- Instructions to follow
In the data below, find each line containing the string "since" and return it.

*** Given data Section Begins ***

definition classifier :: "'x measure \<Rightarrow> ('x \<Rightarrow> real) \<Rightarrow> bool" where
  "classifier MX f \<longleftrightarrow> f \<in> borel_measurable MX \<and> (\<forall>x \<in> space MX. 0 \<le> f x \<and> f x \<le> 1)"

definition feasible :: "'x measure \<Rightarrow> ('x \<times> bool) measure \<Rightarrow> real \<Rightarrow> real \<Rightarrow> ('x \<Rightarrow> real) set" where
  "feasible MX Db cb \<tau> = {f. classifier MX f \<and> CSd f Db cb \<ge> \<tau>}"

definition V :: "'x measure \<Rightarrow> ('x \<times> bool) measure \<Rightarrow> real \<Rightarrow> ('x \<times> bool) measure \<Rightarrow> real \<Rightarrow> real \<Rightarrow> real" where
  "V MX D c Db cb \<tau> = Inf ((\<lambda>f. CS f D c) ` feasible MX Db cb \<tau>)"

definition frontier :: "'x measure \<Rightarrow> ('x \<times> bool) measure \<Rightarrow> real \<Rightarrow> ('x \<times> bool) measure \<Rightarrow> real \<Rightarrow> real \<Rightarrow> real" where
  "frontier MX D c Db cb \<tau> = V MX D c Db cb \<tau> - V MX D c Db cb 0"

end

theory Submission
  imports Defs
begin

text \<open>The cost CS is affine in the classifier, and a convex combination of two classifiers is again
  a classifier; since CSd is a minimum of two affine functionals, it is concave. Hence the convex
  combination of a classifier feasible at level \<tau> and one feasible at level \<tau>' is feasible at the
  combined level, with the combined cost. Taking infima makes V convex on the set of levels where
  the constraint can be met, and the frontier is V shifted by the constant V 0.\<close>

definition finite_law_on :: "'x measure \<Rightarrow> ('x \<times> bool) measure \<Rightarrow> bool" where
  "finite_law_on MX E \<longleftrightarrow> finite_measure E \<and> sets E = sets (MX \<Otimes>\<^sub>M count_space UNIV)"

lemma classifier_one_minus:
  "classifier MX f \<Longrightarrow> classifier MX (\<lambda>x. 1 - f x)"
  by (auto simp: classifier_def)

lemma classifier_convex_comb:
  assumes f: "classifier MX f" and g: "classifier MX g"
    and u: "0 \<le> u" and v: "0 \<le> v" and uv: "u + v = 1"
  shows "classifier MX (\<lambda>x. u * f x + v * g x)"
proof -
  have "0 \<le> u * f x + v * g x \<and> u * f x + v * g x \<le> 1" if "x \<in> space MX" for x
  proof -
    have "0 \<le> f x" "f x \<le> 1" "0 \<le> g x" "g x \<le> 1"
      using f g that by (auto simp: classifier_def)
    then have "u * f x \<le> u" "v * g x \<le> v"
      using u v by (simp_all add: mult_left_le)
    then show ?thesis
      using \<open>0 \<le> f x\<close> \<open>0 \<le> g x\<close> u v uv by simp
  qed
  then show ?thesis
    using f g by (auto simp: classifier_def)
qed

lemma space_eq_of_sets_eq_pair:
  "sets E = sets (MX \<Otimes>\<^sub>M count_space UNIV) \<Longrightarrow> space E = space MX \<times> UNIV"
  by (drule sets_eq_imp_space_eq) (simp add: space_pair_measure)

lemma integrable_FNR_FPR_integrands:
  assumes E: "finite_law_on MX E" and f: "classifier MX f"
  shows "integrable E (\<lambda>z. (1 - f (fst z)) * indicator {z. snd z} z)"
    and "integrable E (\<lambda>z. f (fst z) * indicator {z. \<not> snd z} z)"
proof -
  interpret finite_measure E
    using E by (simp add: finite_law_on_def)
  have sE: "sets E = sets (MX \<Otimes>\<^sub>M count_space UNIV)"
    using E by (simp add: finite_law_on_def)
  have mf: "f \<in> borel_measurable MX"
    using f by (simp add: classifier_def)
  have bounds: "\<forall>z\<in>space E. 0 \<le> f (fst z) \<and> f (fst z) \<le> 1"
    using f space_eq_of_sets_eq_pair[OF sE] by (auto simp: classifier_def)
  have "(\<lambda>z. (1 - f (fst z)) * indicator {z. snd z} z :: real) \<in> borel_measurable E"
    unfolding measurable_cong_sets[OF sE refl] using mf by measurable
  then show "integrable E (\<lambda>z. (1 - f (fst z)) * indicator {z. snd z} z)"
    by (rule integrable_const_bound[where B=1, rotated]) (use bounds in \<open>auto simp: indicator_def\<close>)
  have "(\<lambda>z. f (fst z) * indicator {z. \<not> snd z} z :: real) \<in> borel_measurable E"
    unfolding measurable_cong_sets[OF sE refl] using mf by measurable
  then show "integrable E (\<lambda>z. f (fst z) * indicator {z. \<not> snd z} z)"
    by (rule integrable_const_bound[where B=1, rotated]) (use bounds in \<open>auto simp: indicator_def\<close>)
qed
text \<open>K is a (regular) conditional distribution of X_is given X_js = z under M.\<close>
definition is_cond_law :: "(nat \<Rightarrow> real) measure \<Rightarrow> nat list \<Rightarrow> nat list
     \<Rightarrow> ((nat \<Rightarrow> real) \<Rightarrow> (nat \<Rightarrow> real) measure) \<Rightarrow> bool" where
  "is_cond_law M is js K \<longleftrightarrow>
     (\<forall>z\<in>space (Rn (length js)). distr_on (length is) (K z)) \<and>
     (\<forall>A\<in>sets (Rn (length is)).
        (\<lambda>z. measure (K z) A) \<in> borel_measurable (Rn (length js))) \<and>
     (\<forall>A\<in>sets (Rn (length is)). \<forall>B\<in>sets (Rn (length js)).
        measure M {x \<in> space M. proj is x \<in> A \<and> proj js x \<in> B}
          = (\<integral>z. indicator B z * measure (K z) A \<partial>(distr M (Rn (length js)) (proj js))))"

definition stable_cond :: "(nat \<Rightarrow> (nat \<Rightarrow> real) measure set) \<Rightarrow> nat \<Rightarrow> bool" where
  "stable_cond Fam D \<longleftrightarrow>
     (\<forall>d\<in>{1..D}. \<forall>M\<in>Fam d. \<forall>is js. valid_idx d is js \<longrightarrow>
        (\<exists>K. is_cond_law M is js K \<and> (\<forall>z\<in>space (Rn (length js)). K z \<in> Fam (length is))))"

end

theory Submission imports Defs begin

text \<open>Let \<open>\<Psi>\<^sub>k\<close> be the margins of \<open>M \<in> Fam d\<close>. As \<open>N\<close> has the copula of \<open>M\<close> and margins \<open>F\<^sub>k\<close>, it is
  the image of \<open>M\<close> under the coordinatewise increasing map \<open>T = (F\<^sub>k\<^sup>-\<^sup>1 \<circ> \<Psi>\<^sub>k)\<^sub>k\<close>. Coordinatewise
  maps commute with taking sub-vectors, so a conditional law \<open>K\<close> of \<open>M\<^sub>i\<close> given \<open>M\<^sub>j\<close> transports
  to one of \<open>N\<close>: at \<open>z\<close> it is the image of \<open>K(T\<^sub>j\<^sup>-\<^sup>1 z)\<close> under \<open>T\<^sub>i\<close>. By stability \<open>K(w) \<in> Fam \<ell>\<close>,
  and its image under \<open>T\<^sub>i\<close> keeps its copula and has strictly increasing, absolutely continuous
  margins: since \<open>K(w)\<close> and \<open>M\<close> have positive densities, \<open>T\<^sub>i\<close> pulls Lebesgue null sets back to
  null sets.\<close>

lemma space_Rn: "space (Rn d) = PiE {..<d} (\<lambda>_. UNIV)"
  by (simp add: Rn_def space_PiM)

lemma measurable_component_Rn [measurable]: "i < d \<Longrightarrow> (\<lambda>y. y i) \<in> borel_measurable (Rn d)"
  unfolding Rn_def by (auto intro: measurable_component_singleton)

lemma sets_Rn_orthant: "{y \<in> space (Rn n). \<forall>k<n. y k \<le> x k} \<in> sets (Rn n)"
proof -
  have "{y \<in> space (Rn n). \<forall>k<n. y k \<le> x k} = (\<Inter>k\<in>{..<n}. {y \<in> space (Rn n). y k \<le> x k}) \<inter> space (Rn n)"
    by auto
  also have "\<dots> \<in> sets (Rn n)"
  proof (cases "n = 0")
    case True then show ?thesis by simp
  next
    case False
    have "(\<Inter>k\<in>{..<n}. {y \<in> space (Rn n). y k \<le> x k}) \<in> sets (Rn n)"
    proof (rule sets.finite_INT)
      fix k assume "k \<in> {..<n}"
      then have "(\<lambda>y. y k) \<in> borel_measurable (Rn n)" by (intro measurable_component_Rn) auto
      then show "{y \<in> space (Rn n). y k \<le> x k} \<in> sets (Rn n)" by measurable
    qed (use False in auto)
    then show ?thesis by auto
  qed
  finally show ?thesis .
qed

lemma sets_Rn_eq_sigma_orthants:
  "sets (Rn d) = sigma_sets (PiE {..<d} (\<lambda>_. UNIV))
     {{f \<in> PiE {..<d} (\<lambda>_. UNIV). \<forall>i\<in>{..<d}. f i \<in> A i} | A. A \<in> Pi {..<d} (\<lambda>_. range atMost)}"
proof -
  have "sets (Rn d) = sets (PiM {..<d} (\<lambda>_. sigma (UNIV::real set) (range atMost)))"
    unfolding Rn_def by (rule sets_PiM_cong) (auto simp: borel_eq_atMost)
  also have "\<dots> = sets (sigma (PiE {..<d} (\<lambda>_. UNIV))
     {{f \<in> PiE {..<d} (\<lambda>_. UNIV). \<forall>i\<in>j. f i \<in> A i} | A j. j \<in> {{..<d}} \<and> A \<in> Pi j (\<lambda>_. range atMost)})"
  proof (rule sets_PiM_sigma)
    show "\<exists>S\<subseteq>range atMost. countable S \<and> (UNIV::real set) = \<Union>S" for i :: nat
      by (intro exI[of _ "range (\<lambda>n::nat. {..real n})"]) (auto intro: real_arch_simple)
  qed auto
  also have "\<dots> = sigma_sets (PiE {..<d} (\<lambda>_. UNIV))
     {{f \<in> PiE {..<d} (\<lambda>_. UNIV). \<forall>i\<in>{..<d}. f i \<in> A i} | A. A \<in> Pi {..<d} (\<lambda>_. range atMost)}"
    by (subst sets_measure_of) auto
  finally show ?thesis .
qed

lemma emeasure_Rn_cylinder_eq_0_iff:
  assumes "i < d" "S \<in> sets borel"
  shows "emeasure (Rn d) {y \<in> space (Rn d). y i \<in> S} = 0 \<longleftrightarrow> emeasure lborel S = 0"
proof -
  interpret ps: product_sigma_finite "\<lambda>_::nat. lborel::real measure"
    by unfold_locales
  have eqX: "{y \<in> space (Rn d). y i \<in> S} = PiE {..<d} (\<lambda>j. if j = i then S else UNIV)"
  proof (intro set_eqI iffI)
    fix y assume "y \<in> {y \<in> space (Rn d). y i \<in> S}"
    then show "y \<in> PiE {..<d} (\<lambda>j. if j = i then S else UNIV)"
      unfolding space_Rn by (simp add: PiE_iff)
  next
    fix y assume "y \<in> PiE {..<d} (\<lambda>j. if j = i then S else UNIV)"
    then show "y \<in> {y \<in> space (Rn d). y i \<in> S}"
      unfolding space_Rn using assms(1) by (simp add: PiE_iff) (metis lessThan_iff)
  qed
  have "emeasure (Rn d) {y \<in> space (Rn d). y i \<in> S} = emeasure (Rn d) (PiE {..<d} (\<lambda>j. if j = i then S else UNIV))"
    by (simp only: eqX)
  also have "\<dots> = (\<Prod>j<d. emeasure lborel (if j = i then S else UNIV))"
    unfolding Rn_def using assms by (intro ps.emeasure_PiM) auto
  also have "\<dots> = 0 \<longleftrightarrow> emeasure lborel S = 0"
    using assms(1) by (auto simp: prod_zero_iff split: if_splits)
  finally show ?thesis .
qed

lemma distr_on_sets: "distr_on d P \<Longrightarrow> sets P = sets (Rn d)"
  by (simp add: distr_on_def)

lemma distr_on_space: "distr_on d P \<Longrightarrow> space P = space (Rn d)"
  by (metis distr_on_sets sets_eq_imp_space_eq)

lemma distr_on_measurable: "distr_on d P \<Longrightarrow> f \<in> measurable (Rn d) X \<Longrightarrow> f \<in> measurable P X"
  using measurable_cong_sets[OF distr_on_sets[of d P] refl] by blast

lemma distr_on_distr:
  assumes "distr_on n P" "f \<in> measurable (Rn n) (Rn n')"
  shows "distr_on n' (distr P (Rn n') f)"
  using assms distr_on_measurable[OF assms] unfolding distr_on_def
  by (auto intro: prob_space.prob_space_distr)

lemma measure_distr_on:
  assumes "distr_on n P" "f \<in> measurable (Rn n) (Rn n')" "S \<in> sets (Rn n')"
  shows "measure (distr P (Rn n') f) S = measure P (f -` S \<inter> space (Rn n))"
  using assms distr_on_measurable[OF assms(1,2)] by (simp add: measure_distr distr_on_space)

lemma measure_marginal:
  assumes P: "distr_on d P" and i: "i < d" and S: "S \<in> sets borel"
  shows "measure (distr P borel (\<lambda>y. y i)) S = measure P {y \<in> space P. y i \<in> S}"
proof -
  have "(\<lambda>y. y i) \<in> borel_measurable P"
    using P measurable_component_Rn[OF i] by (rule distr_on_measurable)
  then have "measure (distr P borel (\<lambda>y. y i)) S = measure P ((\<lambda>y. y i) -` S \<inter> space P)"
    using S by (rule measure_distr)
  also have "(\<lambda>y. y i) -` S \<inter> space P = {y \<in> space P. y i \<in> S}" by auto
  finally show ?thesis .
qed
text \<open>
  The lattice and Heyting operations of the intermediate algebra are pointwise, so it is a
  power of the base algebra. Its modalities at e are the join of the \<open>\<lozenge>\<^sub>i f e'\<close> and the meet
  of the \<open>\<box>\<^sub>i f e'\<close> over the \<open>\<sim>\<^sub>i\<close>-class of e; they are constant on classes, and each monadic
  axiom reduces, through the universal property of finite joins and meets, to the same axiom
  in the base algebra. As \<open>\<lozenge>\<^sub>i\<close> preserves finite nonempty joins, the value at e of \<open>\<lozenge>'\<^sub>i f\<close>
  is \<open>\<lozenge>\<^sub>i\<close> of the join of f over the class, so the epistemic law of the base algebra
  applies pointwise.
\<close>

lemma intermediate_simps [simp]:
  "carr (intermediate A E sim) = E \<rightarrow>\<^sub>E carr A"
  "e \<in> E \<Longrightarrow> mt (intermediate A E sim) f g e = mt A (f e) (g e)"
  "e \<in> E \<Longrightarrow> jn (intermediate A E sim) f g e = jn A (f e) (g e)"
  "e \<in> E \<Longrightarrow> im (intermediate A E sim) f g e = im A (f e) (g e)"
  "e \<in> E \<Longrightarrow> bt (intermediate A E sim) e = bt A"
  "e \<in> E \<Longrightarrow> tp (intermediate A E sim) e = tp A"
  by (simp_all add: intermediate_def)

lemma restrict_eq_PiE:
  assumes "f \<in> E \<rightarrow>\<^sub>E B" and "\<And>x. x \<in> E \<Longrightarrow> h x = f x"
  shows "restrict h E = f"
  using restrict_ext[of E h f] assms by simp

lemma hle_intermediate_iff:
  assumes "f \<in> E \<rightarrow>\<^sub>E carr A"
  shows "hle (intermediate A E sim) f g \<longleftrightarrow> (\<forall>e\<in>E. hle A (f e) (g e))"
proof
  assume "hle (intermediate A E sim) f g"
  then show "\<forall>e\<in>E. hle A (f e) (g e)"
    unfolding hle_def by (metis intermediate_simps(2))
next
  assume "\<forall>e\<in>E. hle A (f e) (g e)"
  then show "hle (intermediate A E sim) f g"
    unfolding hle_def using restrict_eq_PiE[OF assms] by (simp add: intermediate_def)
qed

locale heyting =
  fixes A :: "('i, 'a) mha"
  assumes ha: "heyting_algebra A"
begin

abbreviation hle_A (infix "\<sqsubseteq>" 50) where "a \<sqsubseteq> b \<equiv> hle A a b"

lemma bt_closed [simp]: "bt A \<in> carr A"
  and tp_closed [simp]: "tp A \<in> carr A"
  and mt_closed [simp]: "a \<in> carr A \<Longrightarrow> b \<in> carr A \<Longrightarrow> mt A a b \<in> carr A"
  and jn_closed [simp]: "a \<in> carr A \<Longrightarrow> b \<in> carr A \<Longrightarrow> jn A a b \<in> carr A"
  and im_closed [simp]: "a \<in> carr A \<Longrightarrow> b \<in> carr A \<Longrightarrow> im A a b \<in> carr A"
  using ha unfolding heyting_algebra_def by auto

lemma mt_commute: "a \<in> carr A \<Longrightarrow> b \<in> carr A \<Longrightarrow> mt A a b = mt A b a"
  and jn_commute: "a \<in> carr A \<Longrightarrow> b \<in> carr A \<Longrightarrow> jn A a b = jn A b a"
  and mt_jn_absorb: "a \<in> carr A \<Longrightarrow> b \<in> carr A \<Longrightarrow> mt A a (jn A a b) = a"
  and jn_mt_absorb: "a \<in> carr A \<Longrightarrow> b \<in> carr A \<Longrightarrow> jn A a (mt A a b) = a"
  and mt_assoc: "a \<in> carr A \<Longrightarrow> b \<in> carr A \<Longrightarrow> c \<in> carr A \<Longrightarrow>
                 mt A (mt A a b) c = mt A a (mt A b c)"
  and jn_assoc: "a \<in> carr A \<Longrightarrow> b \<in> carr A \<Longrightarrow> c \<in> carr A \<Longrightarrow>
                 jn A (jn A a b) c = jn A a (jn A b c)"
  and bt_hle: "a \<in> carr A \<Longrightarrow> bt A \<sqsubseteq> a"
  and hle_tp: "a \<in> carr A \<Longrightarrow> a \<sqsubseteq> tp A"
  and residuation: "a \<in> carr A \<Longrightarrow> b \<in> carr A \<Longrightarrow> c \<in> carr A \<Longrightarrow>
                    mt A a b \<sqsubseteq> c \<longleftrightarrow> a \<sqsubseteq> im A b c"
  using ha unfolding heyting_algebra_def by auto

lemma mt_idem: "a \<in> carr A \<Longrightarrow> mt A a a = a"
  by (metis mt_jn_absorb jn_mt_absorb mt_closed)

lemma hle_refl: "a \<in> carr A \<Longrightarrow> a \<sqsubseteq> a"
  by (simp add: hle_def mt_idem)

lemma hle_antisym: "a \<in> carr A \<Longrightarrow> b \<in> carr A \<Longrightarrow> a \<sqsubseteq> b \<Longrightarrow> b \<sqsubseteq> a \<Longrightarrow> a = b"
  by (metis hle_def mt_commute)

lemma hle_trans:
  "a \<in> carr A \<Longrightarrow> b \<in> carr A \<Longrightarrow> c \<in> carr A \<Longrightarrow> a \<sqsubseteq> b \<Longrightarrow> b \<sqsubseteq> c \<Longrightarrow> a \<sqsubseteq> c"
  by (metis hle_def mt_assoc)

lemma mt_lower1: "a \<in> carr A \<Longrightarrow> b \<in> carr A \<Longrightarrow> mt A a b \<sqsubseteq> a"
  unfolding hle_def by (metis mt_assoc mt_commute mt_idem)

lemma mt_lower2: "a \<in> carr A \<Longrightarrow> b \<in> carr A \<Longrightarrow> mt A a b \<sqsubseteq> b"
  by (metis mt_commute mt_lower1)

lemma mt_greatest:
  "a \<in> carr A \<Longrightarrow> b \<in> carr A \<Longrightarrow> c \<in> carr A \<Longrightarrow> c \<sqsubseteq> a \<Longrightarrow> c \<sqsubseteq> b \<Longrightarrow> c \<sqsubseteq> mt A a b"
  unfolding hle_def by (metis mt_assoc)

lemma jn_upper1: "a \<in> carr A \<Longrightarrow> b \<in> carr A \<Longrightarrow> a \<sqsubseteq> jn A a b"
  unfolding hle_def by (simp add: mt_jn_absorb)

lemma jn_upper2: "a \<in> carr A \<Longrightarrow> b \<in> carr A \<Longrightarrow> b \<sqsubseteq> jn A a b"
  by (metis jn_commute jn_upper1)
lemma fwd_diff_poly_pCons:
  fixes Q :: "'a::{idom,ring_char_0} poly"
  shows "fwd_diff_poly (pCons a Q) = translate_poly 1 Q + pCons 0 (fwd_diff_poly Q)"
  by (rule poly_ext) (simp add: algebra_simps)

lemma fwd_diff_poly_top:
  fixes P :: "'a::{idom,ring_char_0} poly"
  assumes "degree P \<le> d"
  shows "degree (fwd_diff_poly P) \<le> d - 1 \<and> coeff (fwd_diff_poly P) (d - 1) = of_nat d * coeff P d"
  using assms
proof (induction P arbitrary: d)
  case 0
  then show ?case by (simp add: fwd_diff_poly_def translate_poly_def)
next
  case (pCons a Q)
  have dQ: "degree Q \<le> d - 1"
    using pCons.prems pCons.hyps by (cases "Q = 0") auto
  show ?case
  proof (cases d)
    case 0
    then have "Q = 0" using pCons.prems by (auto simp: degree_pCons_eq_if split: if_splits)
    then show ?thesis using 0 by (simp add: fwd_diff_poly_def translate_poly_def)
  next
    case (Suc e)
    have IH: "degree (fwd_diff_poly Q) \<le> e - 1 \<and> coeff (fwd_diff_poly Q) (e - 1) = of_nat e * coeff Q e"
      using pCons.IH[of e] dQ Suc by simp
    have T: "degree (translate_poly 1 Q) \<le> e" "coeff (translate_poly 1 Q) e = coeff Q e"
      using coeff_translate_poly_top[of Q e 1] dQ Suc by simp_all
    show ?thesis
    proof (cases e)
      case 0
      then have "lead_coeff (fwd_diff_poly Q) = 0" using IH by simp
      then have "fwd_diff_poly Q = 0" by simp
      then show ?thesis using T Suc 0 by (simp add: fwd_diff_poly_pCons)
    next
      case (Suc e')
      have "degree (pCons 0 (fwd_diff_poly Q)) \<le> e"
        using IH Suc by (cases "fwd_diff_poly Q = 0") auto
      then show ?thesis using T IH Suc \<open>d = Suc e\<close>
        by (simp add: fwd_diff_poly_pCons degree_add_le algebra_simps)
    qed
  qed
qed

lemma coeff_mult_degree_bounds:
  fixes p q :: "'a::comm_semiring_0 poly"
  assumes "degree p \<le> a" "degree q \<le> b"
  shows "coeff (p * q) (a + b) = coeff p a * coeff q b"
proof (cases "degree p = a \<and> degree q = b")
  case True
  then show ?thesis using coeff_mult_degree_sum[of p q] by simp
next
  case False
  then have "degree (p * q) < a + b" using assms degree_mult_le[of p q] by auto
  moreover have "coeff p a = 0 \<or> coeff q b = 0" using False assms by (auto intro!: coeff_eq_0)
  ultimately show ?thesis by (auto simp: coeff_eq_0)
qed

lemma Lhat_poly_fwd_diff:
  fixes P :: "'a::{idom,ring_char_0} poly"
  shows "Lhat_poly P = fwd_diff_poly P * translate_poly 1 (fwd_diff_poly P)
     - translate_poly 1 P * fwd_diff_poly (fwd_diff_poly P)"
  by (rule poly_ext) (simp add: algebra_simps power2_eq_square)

*** Given data Section Ends ***

- Answer space
  a classifier; since CSd is a minimum of two affine functionals, it is concave. Hence the convex
  margins: since \<open>K(w)\<close> and \<open>M\<close> have positive densities, \<open>T\<^sub>i\<close> pulls Lebesgue null sets back to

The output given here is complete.